**Work required**. Go through the data and copy each line where the string "that" appears.

Stored data:
+---+
(* Let $\Omega$ be either a Segre variety $\mathcal{S}_{\ell,k}(\mathbb{K})$ with $\ell\le3$, $k\ge1$, or one of the line Grassmannians $\mathcal{G}_{5,2}(\mathbb{K})$, $\mathcal{G}_{6,2}(\mathbb{K})$, viewed in the projective space it spans. Then the only subspace of $\langle\Omega\rangle$ which is legal with respect to $\Omega$ is the empty subspace; i.e. $\Omega$ admits no proper legal projection.
   Context: Let $\Omega$ be a Segre variety $\mathcal{S}_{\ell,k}(\mathbb{K})$ (image of the Segre map, i.e. the rank-one $(\ell+1)\times(k+1)$ matrices up to scalars) or a line Grassmannian $\mathcal{G}_{n+1,2}(\mathbb{K})$ (Plücker image of the lines of $\mathbb{P}^n(\mathbb{K})$), with point set $X$; two points are collinear if the line joining them lies in $X$. Let $\Xi$ be the set of subspaces spanned by the convex closures (in $X$) of pairs of non-collinear points at distance 2 (these are grids, resp. Klein quadrics). A subspace $S$ of $\langle X\rangle$ is legal with respect to $\Omega$ if $S$ is disjoint from $\langle\xi_1,\xi_2\rangle$ for all $\xi_1,\xi_2\in\Xi$; a legal projection is a projection from a legal subspace onto a complementary subspace, and it is proper if the subspace is non-empty. *)

theory Defs
  imports "HOL-Analysis.Analysis"
begin

(* Projective space PG(V) over a field 'a, V = 'a^'i (finite-dimensional).
   A point set X of PG(V) is represented by its cone: the set of nonzero
   vectors representing its points (closed under nonzero scalars).
   Projective subspaces are represented by linear subspaces of V
   (the empty projective subspace is the zero subspace {0}). *)

definition pcollinear :: "('a::field^'i) set \<Rightarrow> 'a^'i \<Rightarrow> 'a^'i \<Rightarrow> bool" where
  "pcollinear X p q \<longleftrightarrow> p \<noteq> 0 \<and> q \<noteq> 0 \<and> vec.span {p, q} - {0} \<subseteq> X"

definition pwalk :: "('a::field^'i) set \<Rightarrow> 'a^'i \<Rightarrow> 'a^'i \<Rightarrow> nat \<Rightarrow> bool" where
  "pwalk X p q n \<longleftrightarrow>
     (\<exists>f. f 0 = p \<and> f n = q \<and> (\<forall>i<n. pcollinear X (f i) (f (Suc i))))"

definition psubspace_closed :: "('a::field^'i) set \<Rightarrow> ('a^'i) set \<Rightarrow> bool" where
  "psubspace_closed X C \<longleftrightarrow>
     (\<forall>a\<in>C. \<forall>b\<in>C. pcollinear X a b \<longrightarrow> vec.span {a, b} - {0} \<subseteq> C)"

definition geod_closed :: "('a::field^'i) set \<Rightarrow> ('a^'i) set \<Rightarrow> bool" where
  "geod_closed X C \<longleftrightarrow>
     (\<forall>a\<in>C. \<forall>b\<in>C. \<forall>n f. f 0 = a \<and> f n = b \<and> (\<forall>i<n. pcollinear X (f i) (f (Suc i)))
        \<and> (\<forall>m<n. \<not> pwalk X a b m) \<longrightarrow> (\<forall>i\<le>n. f i \<in> C))"

definition pconvex :: "('a::field^'i) set \<Rightarrow> ('a^'i) set \<Rightarrow> bool" where
  "pconvex X C \<longleftrightarrow> C \<subseteq> X \<and> psubspace_closed X C \<and> geod_closed X C"

definition convex_closure2 :: "('a::field^'i) set \<Rightarrow> 'a^'i \<Rightarrow> 'a^'i \<Rightarrow> ('a^'i) set" where
  "convex_closure2 X p q = \<Inter> {C. pconvex X C \<and> p \<in> C \<and> q \<in> C}"

definition Xi :: "('a::field^'i) set \<Rightarrow> ('a^'i) set set" where
  "Xi X = {vec.span (convex_closure2 X p q) | p q.
             p \<in> X \<and> q \<in> X \<and> \<not> pcollinear X p q \<and> pwalk X p q 2}"

definition legal :: "('a::field^'i) set \<Rightarrow> ('a^'i) set \<Rightarrow> bool" where
  "legal X W \<longleftrightarrow> vec.subspace W \<and> W \<subseteq> vec.span X \<and>
     (\<forall>\<xi>1\<in>Xi X. \<forall>\<xi>2\<in>Xi X. W \<inter> vec.span (\<xi>1 \<union> \<xi>2) = {0})"

text \<open>Segre variety S_{l,k}: rank one (l+1)x(k+1) matrices, with CARD('l) = l+1,
  CARD('k) = k+1; matrices are vectors indexed by 'l \<times> 'k.\<close>
definition segre_pts :: "('a::field^('l::finite \<times> 'k::finite)) set" where
  "segre_pts = {(\<chi> ij. u $ fst ij * v $ snd ij) | (u :: 'a^'l) (v :: 'a^'k). u \<noteq> 0 \<and> v \<noteq> 0}"

text \<open>Line Grassmannian G_{n+1,2}: Pluecker images u \<wedge> v (as alternating
  matrices indexed by 'n \<times> 'n) of lines spanned by independent u, v in 'a^'n,
  CARD('n) = n+1.\<close>
definition grass_pts :: "('a::field^('n::finite \<times> 'n)) set" where
  "grass_pts = {(\<chi> ij. u $ fst ij * v $ snd ij - u $ snd ij * v $ fst ij) | (u :: 'a^'n) v.
                 u \<noteq> v \<and> vec.independent {u, v}}"

end

theory Submission
  imports Defs
begin

text \<open>A legal subspace meets no span of two members of \<open>Xi\<close>, so it is trivial as soon as every
  vector of the ambient span is a sum \<open>g\<^sub>1 + g\<^sub>2\<close> with each \<open>g\<^sub>i\<close> in some member of \<open>Xi\<close>.
  For the Segre variety with at most four rows, split a matrix into two blocks of at most two
  rows; a two-row block lies in the span of a grid, built from two independent vectors spanning
  its rows. For the line Grassmannian of a space of dimension five or six, split an alternating
  matrix into its entries in the rows and columns of two coordinates \<open>a, b\<close>, which lie in the
  span of the Klein quadric of a solid \<open>\<langle>e\<^sub>a, e\<^sub>b, x, y\<rangle>\<close>, and a matrix supported on the at most
  four remaining coordinates, which lies in the span of the Klein quadric of their solid.\<close>

section \<open>Convex closures and legal subspaces\<close>

lemma pcollinear_imp_pcollinear_self:
  assumes "pcollinear X p q"
  shows "pcollinear X p p" "pcollinear X q q"
  using assms vec.span_mono[of "{p}" "{p, q}"] vec.span_mono[of "{q}" "{p, q}"]
  unfolding pcollinear_def by auto

lemma pcollinear_imp_mem:
  assumes "pcollinear X p q"
  shows "p \<in> X" "q \<in> X"
  using assms vec.span_base[of p "{p, q}"] vec.span_base[of q "{p, q}"]
  unfolding pcollinear_def by auto

lemma span_pair_eq: "vec.span {p, q} = {a *s p + b *s q | a b. True}"
  by (auto simp: vec.span_breakdown_eq vec.span_singleton diff_eq_eq image_iff add.commute) blast

lemma pcollinearI:
  assumes "p \<noteq> 0" "q \<noteq> 0" "\<And>a b. a *s p + b *s q \<noteq> 0 \<Longrightarrow> a *s p + b *s q \<in> X"
  shows "pcollinear X p q"
  using assms unfolding pcollinear_def span_pair_eq by auto

lemma not_pcollinear_if_sum_notin:
  assumes "p + q \<noteq> 0" "p + q \<notin> X"
  shows "\<not> pcollinear X p q"
  using assms vec.span_add[OF vec.span_base vec.span_base, of p "{p, q}" q]
  unfolding pcollinear_def by auto

lemma midpoint_in_convex_closure2:
  assumes pr: "pcollinear X p r" and rq: "pcollinear X r q" and pq: "\<not> pcollinear X p q"
  shows "r \<in> convex_closure2 X p q"
  unfolding convex_closure2_def
proof (intro InterI, clarify)
  fix C assume C: "pconvex X C" "p \<in> C" "q \<in> C"
  define f where "f = (\<lambda>i::nat. if i = 0 then p else if i = 1 then r else q)"
  have "p \<noteq> q"
    using pq pcollinear_imp_pcollinear_self(1)[OF pr] by auto
  then have "\<forall>m<2. \<not> pwalk X p q m"
    using pq by (auto simp: pwalk_def less_2_cases_iff)
  moreover have "\<forall>i<2. pcollinear X (f i) (f (Suc i))"
    using pr rq by (auto simp: f_def less_2_cases_iff)
  ultimately have geodesic: "f 0 = p \<and> f 2 = q \<and> (\<forall>i<2. pcollinear X (f i) (f (Suc i)))
      \<and> (\<forall>m<2. \<not> pwalk X p q m)"
    by (simp add: f_def)
  have "geod_closed X C"
    using C(1) by (simp add: pconvex_def)
  from this[unfolded geod_closed_def, rule_format, OF C(2,3) geodesic, of 1]
  show "r \<in> C"
    by (simp add: f_def)
qed

lemma span_convex_closure2_in_Xi:
  assumes pr: "pcollinear X p r" and rq: "pcollinear X r q" and pq: "\<not> pcollinear X p q"
  shows "vec.span (convex_closure2 X p q) \<in> Xi X"
proof -
  have "pwalk X p q 2"
    unfolding pwalk_def using pr rq
    by (intro exI[of _ "\<lambda>i::nat. if i = 0 then p else if i = 1 then r else q"])
      (auto simp: less_2_cases_iff)
  then show ?thesis
    using pcollinear_imp_mem[OF pr] pcollinear_imp_mem[OF rq] pq unfolding Xi_def by blast
qed

lemma Xi_contains_span_of_midpoints:
  assumes "\<not> pcollinear X p q" "r \<in> R" and R: "\<forall>r\<in>R. pcollinear X p r \<and> pcollinear X r q"
  shows "\<exists>\<xi>\<in>Xi X. vec.span (insert p (insert q R)) \<subseteq> \<xi>"
proof
  show "vec.span (convex_closure2 X p q) \<in> Xi X"
    using assms by (meson span_convex_closure2_in_Xi)
  have "p \<in> convex_closure2 X p q" "q \<in> convex_closure2 X p q"
    unfolding convex_closure2_def by auto
  then have "insert p (insert q R) \<subseteq> convex_closure2 X p q"
    using assms(1) R midpoint_in_convex_closure2 by blast
  then show "vec.span (insert p (insert q R)) \<subseteq> vec.span (convex_closure2 X p q)"
    by (rule vec.span_mono)
qed

lemma legal_iff_trivial_if_sums_from_Xi:
  assumes "\<And>w. w \<in> vec.span X \<Longrightarrow> \<exists>\<xi>1\<in>Xi X. \<exists>\<xi>2\<in>Xi X. \<exists>g1\<in>\<xi>1. \<exists>g2\<in>\<xi>2. w = g1 + g2"
  shows "legal X W \<longleftrightarrow> W = {0}"
proof
  assume legal: "legal X W"
  have "w = 0" if "w \<in> W" for w
  proof -
    have "w \<in> vec.span X"
      using legal that by (auto simp: legal_def)
    then obtain \<xi>1 \<xi>2 g1 g2 where
      "\<xi>1 \<in> Xi X" "\<xi>2 \<in> Xi X" "g1 \<in> \<xi>1" "g2 \<in> \<xi>2" "w = g1 + g2"
      using assms by meson
    moreover from this have "w \<in> vec.span (\<xi>1 \<union> \<xi>2)"
      by (auto intro: vec.span_add vec.span_base)
    ultimately show "w = 0"
      using legal that unfolding legal_def by blast
  qed
  moreover have "0 \<in> W"
    using legal by (simp add: legal_def vec.subspace_0)
  ultimately show "W = {0}" by blast
qed (auto simp: legal_def vec.subspace_def vec.span_zero)

section \<open>Coordinates and \<open>2 \<times> 2\<close> minors\<close>

lemma axis_index [simp]: "axis i x $ j = (if j = i then x else 0)"
  by (simp add: axis_def)

lemma two_distinct_elements:
  assumes "2 \<le> card S"
  obtains i j where "i \<in> S" "j \<in> S" "i \<noteq> j"
  using assms by (metis card_2_iff insert_subset obtain_subset_with_card_n)

lemma pair_superset_of_card_le_2:
  assumes "finite C" "card C \<le> 2" "i \<noteq> j"
  obtains i' j' where "i' \<noteq> j'" "C \<subseteq> {i', j'}" "{i', j'} \<subseteq> C \<union> {i, j}"
proof -
  consider "C = {}" | x where "C = {x}" | x y where "C = {x, y}" "x \<noteq> y"
  proof -
    have "card C = 0 \<or> card C = 1 \<or> card C = 2"
      using assms(2) by linarith
    then show ?thesis
      using assms(1) that by (auto simp: card_1_singleton_iff card_2_iff)
  qed
  then show thesis
  proof cases
    case 1
    then show thesis using assms(3) that[of i j] by auto
  next
    case (2 x)
    then show thesis using that[of i x] that[of j x] assms(3) by (cases "x = i") auto
  next
    case (3 x y)
    then show thesis using that[of x y] by auto
  qed
qed

definition minor :: "'a::field^'n \<Rightarrow> 'a^'n \<Rightarrow> 'n \<Rightarrow> 'n \<Rightarrow> 'a" where
  "minor x y s t = x$s * y$t - x$t * y$s"

lemma nonzero_if_minor_nonzero: "minor x y s t \<noteq> 0 \<Longrightarrow> x \<noteq> 0 \<and> y \<noteq> 0"
  by (auto simp: minor_def)

lemma scaled_if_minors_vanish:
  assumes "a$s \<noteq> 0" "\<And>t. minor a b s t = 0"
  shows "b = (b$s / a$s) *s a"
  using assms by (auto simp: vec_eq_iff minor_def field_simps)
+---+
**Your solution**.
      using legal that by (auto simp: legal_def)
      using legal that unfolding legal_def by blast
      using assms(1) that by (auto simp: card_1_singleton_iff card_2_iff)
    then show thesis using assms(3) that[of i j] by auto
    then show thesis using that[of i x] that[of j x] assms(3) by (cases "x = i") auto
    then show thesis using that[of x y] by auto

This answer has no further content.